Error handling becomes the main case

In traditional software, errors are edge cases. Anyone with experience in agent-based systems knows that errors are the norm.

The key idea, however, is that a well-designed harness does not assume everything will go well—quite the opposite.

It therefore introduces mechanisms such as:

validating outputs before using them
retrying when something goes wrong
falling back to alternative paths
controlled interruption of loops

This is what makes the system usable.

State and memory: the invisible problem

Another issue that emerges very early is state management: an agent without memory is little more than a stateless function—but adding memory introduces complexity:

what to store
for how long
how to update the state
what happens when it becomes inconsistent

These decisions must be made when structuring the harness.

And it's precisely here that many subtle bugs tend to arise.

Observability: knowing what's happening

When something goes wrong (and sooner or later it will), the important question is:

"Can I understand what happened?"

Without logging and tracing, working with agents becomes almost impossible.

Because you need to see:

every step of the reasoning
every tool call
every output transformation

And not just for debugging, but to evolve the system.

Moving complexity to the right place

An interesting aspect is that, as you improve the harness, the system becomes more predictable—even without changing the model.

This happens because complexity is being moved out of an "opaque" component (the model) and into code that can actually be controlled.

It's a shift in strategy:

less blind trust in the model
more explicit control in the system

Which, ultimately, is software engineering.

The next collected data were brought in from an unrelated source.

(* Let $\gamma\geq 1$ and $p=\frac{\gamma}{\gamma+1}$. Then the Kronecker approximation cone $\tilde{K}_p$ is an approximation cone for $\gamma$-FRAPP, i.e. $\tilde{K}_p$ is a closed convex cone containing the row cone of $\gamma$-FRAPP.
   Context: Let $\mathcal{T}=\{a_1,\dots,a_N\}$ be the domain of tuples, and let the data domain consist of all sequences of $k$ tuples from $\mathcal{T}$, in lexicographic order. For an $N\times N$ column-stochastic transition matrix $Q$ whose $(b,a)$ entry $P_Q(a\rightarrow b)$ is the probability that a tuple with value $a$ is changed to $b$, let $\mathcal{M}_Q$ be the algorithm that replaces each tuple independently according to $Q$; its matrix representation (columns indexed by input datasets, rows by outputs, entries $P(\mathcal{M}_Q(D)=\omega)$) is the $k$-fold Kronecker product of $Q$ with itself. $\gamma$-FRAPP is the set of all $\mathcal{M}_Q$ such that $\frac{P_Q(b\rightarrow a)}{P_Q(c\rightarrow a)}\leq\gamma$ for all $a,b,c\in\mathcal{T}$. With $e_j$ the $j$-th standard basis column vector of length $N$, the Kronecker approximation cone $\tilde{K}_p$ is the set of vectors $\vec{x}$ (indexed by datasets) satisfying $\vec{x}\cdot\bigotimes_{\ell=1}^k\big(p\,e_{i_\ell}-(1-p)\,e_{j_\ell}\big)\geq 0$ for all $i_1,\dots,i_k,j_1,\dots,j_k\in\{1,\dots,N\}$. The consistent normal form of a privacy definition (set of algorithms) is the smallest superset closed under post-processing (composition with any algorithm with independent randomness) and convex combinations (running one member with probability $p$, another with probability $1-p$); its row cone is the set of vectors $\big(c\,P[\mathcal{M}(D_1)=\omega],c\,P[\mathcal{M}(D_2)=\omega],\dots\big)$ with $c\ge0$, $\mathcal{M}$ in the consistent normal form, $\omega$ in the range of $\mathcal{M}$. An approximation cone of a privacy definition is a closed convex cone containing its row cone. *)

theory Defs
  imports "HOL-Analysis.Analysis" "HOL-Probability.Probability"
begin

text \<open>Tuples are the elements of a finite type 'n (so N = CARD('n)); a dataset is a
  sequence of k tuples, i.e. an element of 'n^'k (k = CARD('k)).\<close>

definition frapp :: "real \<Rightarrow> (('n::finite)^('k::finite) \<Rightarrow> ('n^'k) pmf) set" where
  "frapp \<gamma> = {M. \<exists>Q :: 'n \<Rightarrow> 'n pmf.
      (\<forall>a b c. pmf (Q b) a \<le> \<gamma> * pmf (Q c) a) \<and>
      (\<forall>D \<omega>. pmf (M D) \<omega> = (\<Prod>l\<in>UNIV. pmf (Q (D $ l)) (\<omega> $ l)))}"

inductive_set cnf :: "('d \<Rightarrow> 'o pmf) set \<Rightarrow> ('d \<Rightarrow> 'o pmf) set" for S where
  base: "M \<in> S \<Longrightarrow> M \<in> cnf S"
| postproc: "M \<in> cnf S \<Longrightarrow> (\<lambda>D. bind_pmf (M D) A) \<in> cnf S"
| convex_comb: "M1 \<in> cnf S \<Longrightarrow> M2 \<in> cnf S \<Longrightarrow> 0 \<le> q \<Longrightarrow> q \<le> 1 \<Longrightarrow>
     (\<lambda>D. bind_pmf (bernoulli_pmf q) (\<lambda>b. if b then M1 D else M2 D)) \<in> cnf S"

definition row_cone :: "(('d::finite) \<Rightarrow> 'o pmf) set \<Rightarrow> (real^'d) set" where
  "row_cone S = {x. \<exists>c \<ge> 0. \<exists>M \<in> cnf S. \<exists>\<omega> \<in> (\<Union>D. set_pmf (M D)).
      \<forall>D. x $ D = c * pmf (M D) \<omega>}"

definition kron_cone :: "real \<Rightarrow> (real^(('n::finite)^('k::finite))) set" where
  "kron_cone p = {x. \<forall>i j :: 'n^'k.
      0 \<le> (\<Sum>D\<in>UNIV. x $ D *
             (\<Prod>l\<in>UNIV. p * (if D $ l = i $ l then 1 else 0)
                          - (1 - p) * (if D $ l = j $ l then 1 else 0)))}"

end

theory Submission
  imports Defs
begin

text \<open>For a fixed output \<omega>, the pairing of the column \<open>D \<mapsto> P(M(D) = \<omega>)\<close> with a weight
  vector is preserved under post-processing and mixing, because the new column is a nonnegative
  combination of old ones.  So it suffices to check the Kronecker weights against \<open>M\<^sub>Q\<close> itself.
  There the pairing factors over the \<open>k\<close> positions, and each factor
  \<open>p Q(i\<^sub>l \<rightarrow> \<omega>\<^sub>l) - (1 - p) Q(j\<^sub>l \<rightarrow> \<omega>\<^sub>l) = (\<gamma> Q(i\<^sub>l \<rightarrow> \<omega>\<^sub>l) - Q(j\<^sub>l \<rightarrow> \<omega>\<^sub>l)) / (\<gamma> + 1)\<close>
  is nonnegative by the \<open>\<gamma>\<close>-FRAPP ratio condition.\<close>

definition kron_weight :: "real \<Rightarrow> ('n::finite)^('k::finite) \<Rightarrow> 'n^'k \<Rightarrow> 'n^'k \<Rightarrow> real" where
  "kron_weight p i j D = (\<Prod>l\<in>UNIV. p * (if D $ l = i $ l then 1 else 0)
                                   - (1 - p) * (if D $ l = j $ l then 1 else 0))"

lemma kron_cone_eq:
  "kron_cone p = {x. \<forall>i j. 0 \<le> (\<Sum>D\<in>UNIV. x $ D * kron_weight p i j D)}"
  by (simp add: kron_cone_def kron_weight_def)

lemma closed_kron_cone: "closed (kron_cone p)"
  unfolding kron_cone_eq by (intro closed_Collect_all closed_Collect_le continuous_intros)

lemma convex_kron_cone: "convex (kron_cone p)"
  unfolding kron_cone_eq convex_def
  by (auto simp: sum.distrib algebra_simps sum_distrib_left[symmetric]
           intro!: add_nonneg_nonneg mult_nonneg_nonneg)

lemma cone_kron_cone: "cone (kron_cone p)"
  unfolding kron_cone_eq cone_def
  by (auto simp: mult.assoc sum_distrib_left[symmetric] intro!: mult_nonneg_nonneg)

lemma nonneg_pairing_bind_pmf:
  fixes W :: "'d::finite \<Rightarrow> real"
  assumes N: "\<And>x. 0 \<le> (\<Sum>D\<in>UNIV. pmf (N D) x * W D)"
  shows "0 \<le> (\<Sum>D\<in>UNIV. pmf (bind_pmf (N D) A) y * W D)"
proof -
  let ?f = "\<lambda>D x. pmf (N D) x * pmf (A x) y * W D"
  have integrable: "integrable (count_space UNIV) (?f D)" for D
  proof -
    have "integrable (count_space UNIV) (\<lambda>x. pmf (N D) x * pmf (A x) y)"
      by (rule Bochner_Integration.integrable_bound[OF integrable_pmf[of UNIV "N D"]])
         (auto simp: pmf_le_1 mult_left_le)
    then show ?thesis by (rule integrable_mult_left)
  qed
  have "pmf (bind_pmf (N D) A) y = (\<integral>x. pmf (N D) x * pmf (A x) y \<partial>count_space UNIV)" for D
    by (simp add: pmf_bind measure_pmf_eq_density integral_density)
  then have "(\<Sum>D\<in>UNIV. pmf (bind_pmf (N D) A) y * W D)
      = (\<Sum>D\<in>UNIV. \<integral>x. ?f D x \<partial>count_space UNIV)"
    by (simp add: integral_mult_left_zero)
  also have "\<dots> = (\<integral>x. (\<Sum>D\<in>UNIV. ?f D x) \<partial>count_space UNIV)"
    using integrable by (intro Bochner_Integration.integral_sum[symmetric]) auto
  also have "\<dots> = (\<integral>x. pmf (A x) y * (\<Sum>D\<in>UNIV. pmf (N D) x * W D) \<partial>count_space UNIV)"
    by (simp add: sum_distrib_left mult_ac)
  also have "\<dots> \<ge> 0"
    using N by (intro integral_nonneg_AE AE_I2 mult_nonneg_nonneg) auto
  finally show ?thesis .
qed

lemma nonneg_pairing_bernoulli_mixture:
  fixes W :: "'d::finite \<Rightarrow> real"
  assumes M1: "0 \<le> (\<Sum>D\<in>UNIV. pmf (M1 D) y * W D)"
      and M2: "0 \<le> (\<Sum>D\<in>UNIV. pmf (M2 D) y * W D)"
      and q: "0 \<le> q" "q \<le> 1"
  shows "0 \<le> (\<Sum>D\<in>UNIV. pmf (bind_pmf (bernoulli_pmf q) (\<lambda>b. if b then M1 D else M2 D)) y * W D)"
proof -
  have "pmf (bind_pmf (bernoulli_pmf q) (\<lambda>b. if b then M1 D else M2 D)) y
      = q * pmf (M1 D) y + (1 - q) * pmf (M2 D) y" for D
    using q by (simp add: pmf_bind mult_ac)
  then have "(\<Sum>D\<in>UNIV. pmf (bind_pmf (bernoulli_pmf q) (\<lambda>b. if b then M1 D else M2 D)) y * W D)
      = q * (\<Sum>D\<in>UNIV. pmf (M1 D) y * W D) + (1 - q) * (\<Sum>D\<in>UNIV. pmf (M2 D) y * W D)"
    by (simp add: distrib_right sum.distrib sum_distrib_left mult.assoc)
  also have "\<dots> \<ge> 0"
    using M1 M2 q by (intro add_nonneg_nonneg mult_nonneg_nonneg) auto
  finally show ?thesis .
qed

lemma nonneg_pairing_cnf:
  fixes W :: "'d::finite \<Rightarrow> real"
  assumes "M \<in> cnf S"
      and S: "\<And>M x. M \<in> S \<Longrightarrow> 0 \<le> (\<Sum>D\<in>UNIV. pmf (M D) x * W D)"
  shows "0 \<le> (\<Sum>D\<in>UNIV. pmf (M D) y * W D)"
  using assms(1)
proof (induction arbitrary: y)
  case (base M)
  then show ?case by (rule S)
next
  case (postproc M A)
  then show ?case by (intro nonneg_pairing_bind_pmf)
next
  case (convex_comb M1 M2 q)
  then show ?case by (intro nonneg_pairing_bernoulli_mixture)
qed

lemma row_cone_subset_kron_cone:
  assumes "\<And>M \<omega> i j. M \<in> S \<Longrightarrow> 0 \<le> (\<Sum>D\<in>UNIV. pmf (M D) \<omega> * kron_weight p i j D)"
  shows "row_cone S \<subseteq> kron_cone p"
proof
  fix x
  assume "x \<in> row_cone S"
  then obtain c M \<omega> where c: "c \<ge> 0" and M: "M \<in> cnf S" and x: "\<And>D. x $ D = c * pmf (M D) \<omega>"
    unfolding row_cone_def by blast
  have "0 \<le> (\<Sum>D\<in>UNIV. x $ D * kron_weight p i j D)" for i j
  proof -
    have "(\<Sum>D\<in>UNIV. x $ D * kron_weight p i j D)
        = c * (\<Sum>D\<in>UNIV. pmf (M D) \<omega> * kron_weight p i j D)"
      by (simp add: x sum_distrib_left mult.assoc)
    also have "\<dots> \<ge> 0"
      using c nonneg_pairing_cnf[OF M assms] by simp
    finally show ?thesis .
  qed
  then show "x \<in> kron_cone p"
    unfolding kron_cone_eq by blast
qed

lemma sum_vec_prod_nth:
  fixes h :: "'k::finite \<Rightarrow> 'n::finite \<Rightarrow> 'a::comm_semiring_1"
  shows "(\<Sum>D\<in>(UNIV::('n^'k) set). \<Prod>l\<in>UNIV. h l (D $ l)) = (\<Prod>l\<in>UNIV. \<Sum>a\<in>UNIV. h l a)"
proof -
  have bij: "bij_betw vec_nth (UNIV::('n^'k) set) (PiE UNIV (\<lambda>_. UNIV))"
    by (rule bij_betwI[where g = vec_lambda]) auto
  have "(\<Prod>l\<in>UNIV. \<Sum>a\<in>UNIV. h l a) = (\<Sum>g\<in>PiE UNIV (\<lambda>_. UNIV). \<Prod>l\<in>UNIV. h l (g l))"
    by (rule prod_sum_PiE) auto
  also have "\<dots> = (\<Sum>D\<in>(UNIV::('n^'k) set). \<Prod>l\<in>UNIV. h l (D $ l))"
    by (rule sum.reindex_bij_betw[OF bij, symmetric])
  finally show ?thesis by simp
qed

lemma sum_mult_basis_diff:
  fixes q :: "'n::finite \<Rightarrow> real"
  shows "(\<Sum>a\<in>UNIV. q a * (p * (if a = i then 1 else 0) - (1 - p) * (if a = j then 1 else 0)))
       = p * q i - (1 - p) * q j"
proof -
  have "(\<Sum>a\<in>UNIV. q a * (p * (if a = i then 1 else 0) - (1 - p) * (if a = j then 1 else 0)))
      = (\<Sum>a\<in>UNIV. if a = i then p * q a else 0) - (\<Sum>a\<in>UNIV. if a = j then (1 - p) * q a else 0)"
    by (subst sum_subtractf[symmetric], rule sum.cong) (auto simp: algebra_simps)
  then show ?thesis by (simp add: sum.delta)
qed

lemma frapp_kron_weight_nonneg:
  fixes M :: "('n::finite)^('k::finite) \<Rightarrow> ('n^'k) pmf"
  assumes "M \<in> frapp \<gamma>" and "0 \<le> \<gamma>" and p: "p = \<gamma> / (\<gamma> + 1)"
  shows "0 \<le> (\<Sum>D\<in>UNIV. pmf (M D) \<omega> * kron_weight p i j D)"
proof -
  obtain Q :: "'n \<Rightarrow> 'n pmf" where ratio: "\<And>a b c. pmf (Q b) a \<le> \<gamma> * pmf (Q c) a"
    and M: "\<And>D. pmf (M D) \<omega> = (\<Prod>l\<in>UNIV. pmf (Q (D $ l)) (\<omega> $ l))"
    using assms(1) unfolding frapp_def by blast
  let ?q = "\<lambda>l a. pmf (Q a) (\<omega> $ l)"
  let ?h = "\<lambda>l a. ?q l a * (p * (if a = i $ l then 1 else 0) - (1 - p) * (if a = j $ l then 1 else 0))"
  have "(\<Sum>D\<in>UNIV. pmf (M D) \<omega> * kron_weight p i j D) = (\<Sum>D\<in>UNIV. \<Prod>l\<in>UNIV. ?h l (D $ l))"
    by (simp add: M kron_weight_def prod.distrib)
  also have "\<dots> = (\<Prod>l\<in>UNIV. \<Sum>a\<in>UNIV. ?h l a)"
    by (rule sum_vec_prod_nth)
  also have "\<dots> = (\<Prod>l\<in>UNIV. p * ?q l (i $ l) - (1 - p) * ?q l (j $ l))"
    by (simp add: sum_mult_basis_diff)
  also have "\<dots> \<ge> 0"
  proof (intro prod_nonneg ballI)
    fix l
    have "1 - p = 1 / (\<gamma> + 1)"
      using \<open>0 \<le> \<gamma>\<close> by (simp add: p field_simps)
    then have "p * ?q l (i $ l) - (1 - p) * ?q l (j $ l)
             = (\<gamma> * ?q l (i $ l) - ?q l (j $ l)) / (\<gamma> + 1)"
      by (simp add: p diff_divide_distrib)
    also have "\<dots> \<ge> 0"
      using ratio[where a = "\<omega> $ l" and b = "j $ l" and c = "i $ l"] \<open>0 \<le> \<gamma>\<close> by simp
    finally show "0 \<le> p * ?q l (i $ l) - (1 - p) * ?q l (j $ l)" .
  qed
  finally show ?thesis .
qed

theorem lemma2:
  fixes \<gamma> p :: real and e :: "('n::finite)^('k::finite) \<Rightarrow> 'o"
  assumes "\<gamma> \<ge> 1" and "p = \<gamma> / (\<gamma> + 1)"
  shows "closed (kron_cone p :: (real^('n^'k)) set) \<and> convex (kron_cone p :: (real^('n^'k)) set)
         \<and> cone (kron_cone p :: (real^('n^'k)) set)
         \<and> row_cone {(\<lambda>D. map_pmf e (M D)) | M. M \<in> frapp \<gamma>} \<subseteq> kron_cone p"
proof -
  have "0 \<le> (\<Sum>D\<in>UNIV. pmf (map_pmf e (M D)) \<omega> * kron_weight p i j D)"
    if "M \<in> frapp \<gamma>" for M :: "'n^'k \<Rightarrow> ('n^'k) pmf" and \<omega> i j
    unfolding map_pmf_def
    using frapp_kron_weight_nonneg[OF that _ assms(2)] assms(1)
    by (intro nonneg_pairing_bind_pmf) simp
  then have "row_cone {(\<lambda>D. map_pmf e (M D)) | M. M \<in> frapp \<gamma>} \<subseteq> kron_cone p"
    by (intro row_cone_subset_kron_cone) blast
  then show ?thesis
    using closed_kron_cone convex_kron_cone cone_kron_cone by blast
qed

end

In fact, we can say that building agents today is much closer to traditional software engineering than it might seem.

There are flows, states, error handling, integrations, observability…

The only difference is that instead of deterministic functions, there's a probabilistic model.

The harness is what holds everything together—and that's what makes the difference between something that only works in a demo and something that truly works in production.